**EXERCISE DESCRIPTION**
Your output is to consist only of the line containing "by (rule has_field_derivative_transform_within_open[where" and the lines after it, through the end of the data, reproduced exactly.

-------- EXERCISE MATERIALS --------

lemma powr_algebra_deriv:
  assumes "f \<in> powr_algebra"
  shows "\<exists>f'\<in>powr_algebra. \<forall>y\<in>{1<..}. (f has_real_derivative f' y) (at y)"
  using assms
proof (induction rule: powr_algebra.induct)
  case (const c)
  show ?case by (intro bexI[of _ "\<lambda>y. 0"] powr_algebra.const) auto
next
  case (shifted_powr c a)
  show ?case
    using shifted_powr
    by (intro bexI[of _ "\<lambda>y. a * (y - c) powr (a - 1)"] powr_algebra.mult powr_algebra.const
        powr_algebra.shifted_powr)
       (auto intro!: derivative_eq_intros)
next
  case (add f g)
  then obtain f' g' where "f' \<in> powr_algebra" "g' \<in> powr_algebra"
    "\<forall>y\<in>{1<..}. (f has_real_derivative f' y) (at y)" "\<forall>y\<in>{1<..}. (g has_real_derivative g' y) (at y)"
    by blast
  then show ?case
    by (intro bexI[of _ "\<lambda>y. f' y + g' y"] powr_algebra.add) (auto intro: DERIV_add)
next
  case (mult f g)
  then obtain f' g' where "f' \<in> powr_algebra" "g' \<in> powr_algebra"
    "\<forall>y\<in>{1<..}. (f has_real_derivative f' y) (at y)" "\<forall>y\<in>{1<..}. (g has_real_derivative g' y) (at y)"
    by blast
  then show ?case
    using mult.hyps
    by (intro bexI[of _ "\<lambda>y. f' y * g y + g' y * f y"] powr_algebra.add powr_algebra.mult)
       (auto intro: DERIV_mult)
next
  case (inverse f)
  then obtain f' where f': "f' \<in> powr_algebra" "\<forall>y\<in>{1<..}. (f has_real_derivative f' y) (at y)"
    by blast
  have "((\<lambda>y. inverse (f y)) has_real_derivative - 1 * (f' y * (inverse (f y) * inverse (f y)))) (at y)"
    if "y > 1" for y
    using DERIV_inverse_fun[of f "f' y" y] f'(2) inverse.hyps(2) that
    by (simp add: power2_eq_square)
  then show ?case
    using f'(1) inverse.hyps
    by (intro bexI[of _ "\<lambda>y. - 1 * (f' y * (inverse (f y) * inverse (f y)))"]
        powr_algebra.mult powr_algebra.const powr_algebra.inverse) auto
next
  case (cong f g)
  from cong.IH obtain f' where f': "f' \<in> powr_algebra" "\<forall>y\<in>{1<..}. (f has_real_derivative f' y) (at y)"
    by blast
  have "(g has_real_derivative f' y) (at y)" if "y > 1" for y
  proof (rule has_field_derivative_transform_within_open[of f _ y "{1<..}"])
    show "(f has_real_derivative f' y) (at y)" using f'(2) that by simp
    show "f x = g x" if "x \<in> {1<..}" for x using cong.hyps(2) that by simp
  qed (use that in simp_all)
  with f'(1) show ?case by blast
qed

definition fA_denom :: "real \<Rightarrow> real \<Rightarrow> real" where
  "fA_denom q y = y powr (q / (q - 1)) - (y - 1) powr (q / (q - 1))"

lemma fA_denom_pos:
  fixes q y :: real
  assumes "q > 1" "y \<ge> 1"
  shows "fA_denom q y > 0"
  using assms by (simp add: fA_denom_def powr_less_mono2)

lemma continuous_on_fA_denom:
  fixes q :: real
  assumes "q > 1"
  shows "continuous_on {1..} (fA_denom q)"
  unfolding fA_denom_def using assms
  by (intro continuous_intros continuous_on_powr') auto

lemma fA_eq_denom:
  fixes q y :: real
  assumes "q > 1" "y \<ge> 1"
  shows "fA q y = - q * y powr (q / (q - 1)) / fA_denom q y + (q - 1) * y"
  \<comment> \<open>at \<open>y = 1\<close> too, since \<open>0 powr p = 0\<close>\<close>
  using assms by (auto simp: fA_def fA_denom_def)

lemma continuous_on_fA:
  fixes q :: real
  assumes q: "q > 1"
  shows "continuous_on {1..} (fA q)"
proof -
  have "continuous_on {1..} (\<lambda>y. - q * y powr (q / (q - 1)) / fA_denom q y + (q - 1) * y)"
    using q fA_denom_pos[OF q] continuous_on_fA_denom[OF q]
    by (intro continuous_intros continuous_on_powr') (auto simp: less_imp_neq[symmetric])
  then show ?thesis
    by (rule continuous_on_cong[THEN iffD1, OF refl, rotated]) (simp add: fA_eq_denom[OF q])
qed

lemma fA'_eq_denom:
  fixes q y :: real
  assumes q: "q > 1" and y: "y \<ge> 1"
  shows "fA' q y = (q - 1) - q\<^sup>2 * (y * (y - 1)) powr (1 / (q - 1)) / ((q - 1) * (fA_denom q y)\<^sup>2)"
proof -
  have "fA_denom q y \<noteq> 0" "q - 1 \<noteq> 0" using fA_denom_pos[OF q y] q by auto
  moreover have "(y * (y - 1)) powr (1 / (q - 1)) = y powr (1 / (q - 1)) * (y - 1) powr (1 / (q - 1))"
    using y by (simp add: powr_mult)
  ultimately show ?thesis
    by (simp add: fA'_def fA_denom_def[symmetric] field_simps) (simp add: power2_eq_square algebra_simps)
qed

lemma fA'_one: "q > 1 \<Longrightarrow> fA' q 1 = q - 1"
  by (simp add: fA'_eq_denom)

lemma continuous_on_fA':
  fixes q :: real
  assumes q: "q > 1"
  shows "continuous_on {1..} (fA' q)"
proof -
  have "(q - 1) * (fA_denom q y)\<^sup>2 \<noteq> 0" if "y \<in> {1..}" for y
    using q fA_denom_pos[OF q, of y] that by simp
  then have "continuous_on {1..} (\<lambda>y. (q - 1) - q\<^sup>2 * (y * (y - 1)) powr (1 / (q - 1)) / ((q - 1) * (fA_denom q y)\<^sup>2))"
    using q continuous_on_fA_denom[OF q]
    by (intro continuous_intros continuous_on_powr') auto
  then show ?thesis
    by (rule continuous_on_cong[THEN iffD1, OF refl, rotated]) (simp add: fA'_eq_denom[OF q])
qed

lemma has_real_derivative_fA:
  fixes q y :: real
  assumes q: "q > 1" and y: "y > 1"
  shows "(fA q has_real_derivative fA' q y) (at y)"
proof -
  define r where "r = 1 / (q - 1)"
  have p: "q / (q - 1) = r + 1" and "q * (r + 1) = q\<^sup>2 / (q - 1)"
    using q by (simp_all add: r_def field_simps power2_eq_square)
  have powr_p: "y powr (r + 1) = y * y powr r" "(y - 1) powr (r + 1) = (y - 1) * (y - 1) powr r"
    using y by (simp_all add: powr_add)
  define D where "D = y * y powr r - (y - 1) * (y - 1) powr r"
  have "D = fA_denom q y"
    by (simp add: fA_denom_def p powr_p D_def)
  then have "D \<noteq> 0" using fA_denom_pos[OF q, of y] y by simp
  have "fA' q y = q - 1 - q * (r + 1) * (y powr r * (y - 1) powr r) / (D * D)"
    using fA'_eq_denom[OF q, of y] y \<open>D = fA_denom q y\<close> \<open>q * (r + 1) = q\<^sup>2 / (q - 1)\<close>
    by (simp add: r_def[symmetric] powr_mult power2_eq_square)
  \<comment> \<open>the numerator produced by the quotient rule\<close>
  moreover have "(r + 1) * y powr r * q * D - q * (y * y powr r) * ((r + 1) * y powr r - (r + 1) * (y - 1) powr r)
      = q * (r + 1) * (y powr r * (y - 1) powr r)"
    by (simp add: D_def algebra_simps)
  ultimately have "((\<lambda>x. - q * x powr (r + 1) / (x powr (r + 1) - (x - 1) powr (r + 1)) + (q - 1) * x)
      has_real_derivative fA' q y) (at y)"
    using y \<open>D \<noteq> 0\<close> by (auto intro!: derivative_eq_intros simp: powr_p D_def[symmetric])
  then show ?thesis
    by (rule has_field_derivative_transform_within_open[where S = "{1<..}"])
       (use y in \<open>auto simp: fA_def p\<close>)
qed

lemma fA'_pos:
  fixes q y :: real
  assumes q: "q > 1" and y: "y > 1"
  shows "fA' q y > 0"
proof -
  define r where "r = 1 / (q - 1)"
  have "r > 0" "(q - 1) * (r + 1) = q" "q / (q - 1) = r + 1"
    using q by (simp_all add: r_def field_simps)
  define G where "G = sqrt ((y - 1) * y) powr r"
  have "(r + 1) * G < fA_denom q y"
    using geometric_mean_powr_lt_diff_powr[of "y - 1" y r] y \<open>r > 0\<close> \<open>q / (q - 1) = r + 1\<close>
    by (simp add: G_def fA_denom_def)
  then have "(q - 1) * ((r + 1) * G) < (q - 1) * fA_denom q y"
    using q by simp
  then have "q * G < (q - 1) * fA_denom q y"
    using \<open>(q - 1) * (r + 1) = q\<close> by (simp add: mult.assoc[symmetric])
  have "G\<^sup>2 = (y * (y - 1)) powr r"
    using y by (simp add: G_def power2_eq_square powr_mult[symmetric] mult.commute)
  then have "q\<^sup>2 * (y * (y - 1)) powr r = (q * G)\<^sup>2"
    by (simp add: power_mult_distrib)
  also have "\<dots> < ((q - 1) * fA_denom q y)\<^sup>2"
    using \<open>q * G < (q - 1) * fA_denom q y\<close> q by (intro power_strict_mono) (auto simp: G_def)
  also have "\<dots> = (q - 1) * ((q - 1) * (fA_denom q y)\<^sup>2)"
    by (simp add: power_mult_distrib power2_eq_square)
  finally have "q\<^sup>2 * (y * (y - 1)) powr r < (q - 1) * ((q - 1) * (fA_denom q y)\<^sup>2)" .
  moreover have "(q - 1) * (fA_denom q y)\<^sup>2 > 0"
    using q fA_denom_pos[OF q, of y] y by simp
  ultimately have "q\<^sup>2 * (y * (y - 1)) powr r / ((q - 1) * (fA_denom q y)\<^sup>2) < q - 1"
    by (simp add: pos_divide_less_eq)
  then show ?thesis
    using fA'_eq_denom[OF q, of y] y by (simp add: r_def)
qed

--------

**RESPONSE**
    by (rule has_field_derivative_transform_within_open[where S = "{1<..}"])
       (use y in \<open>auto simp: fA_def p\<close>)
qed

lemma fA'_pos:
  fixes q y :: real
  assumes q: "q > 1" and y: "y > 1"
  shows "fA' q y > 0"
proof -
  define r where "r = 1 / (q - 1)"
  have "r > 0" "(q - 1) * (r + 1) = q" "q / (q - 1) = r + 1"
    using q by (simp_all add: r_def field_simps)
  define G where "G = sqrt ((y - 1) * y) powr r"
  have "(r + 1) * G < fA_denom q y"
    using geometric_mean_powr_lt_diff_powr[of "y - 1" y r] y \<open>r > 0\<close> \<open>q / (q - 1) = r + 1\<close>
    by (simp add: G_def fA_denom_def)
  then have "(q - 1) * ((r + 1) * G) < (q - 1) * fA_denom q y"
    using q by simp
  then have "q * G < (q - 1) * fA_denom q y"
    using \<open>(q - 1) * (r + 1) = q\<close> by (simp add: mult.assoc[symmetric])
  have "G\<^sup>2 = (y * (y - 1)) powr r"
    using y by (simp add: G_def power2_eq_square powr_mult[symmetric] mult.commute)
  then have "q\<^sup>2 * (y * (y - 1)) powr r = (q * G)\<^sup>2"
    by (simp add: power_mult_distrib)
  also have "\<dots> < ((q - 1) * fA_denom q y)\<^sup>2"
    using \<open>q * G < (q - 1) * fA_denom q y\<close> q by (intro power_strict_mono) (auto simp: G_def)
  also have "\<dots> = (q - 1) * ((q - 1) * (fA_denom q y)\<^sup>2)"
    by (simp add: power_mult_distrib power2_eq_square)
  finally have "q\<^sup>2 * (y * (y - 1)) powr r < (q - 1) * ((q - 1) * (fA_denom q y)\<^sup>2)" .
  moreover have "(q - 1) * (fA_denom q y)\<^sup>2 > 0"
    using q fA_denom_pos[OF q, of y] y by simp
  ultimately have "q\<^sup>2 * (y * (y - 1)) powr r / ((q - 1) * (fA_denom q y)\<^sup>2) < q - 1"
    by (simp add: pos_divide_less_eq)
  then show ?thesis
    using fA'_eq_denom[OF q, of y] y by (simp add: r_def)
qed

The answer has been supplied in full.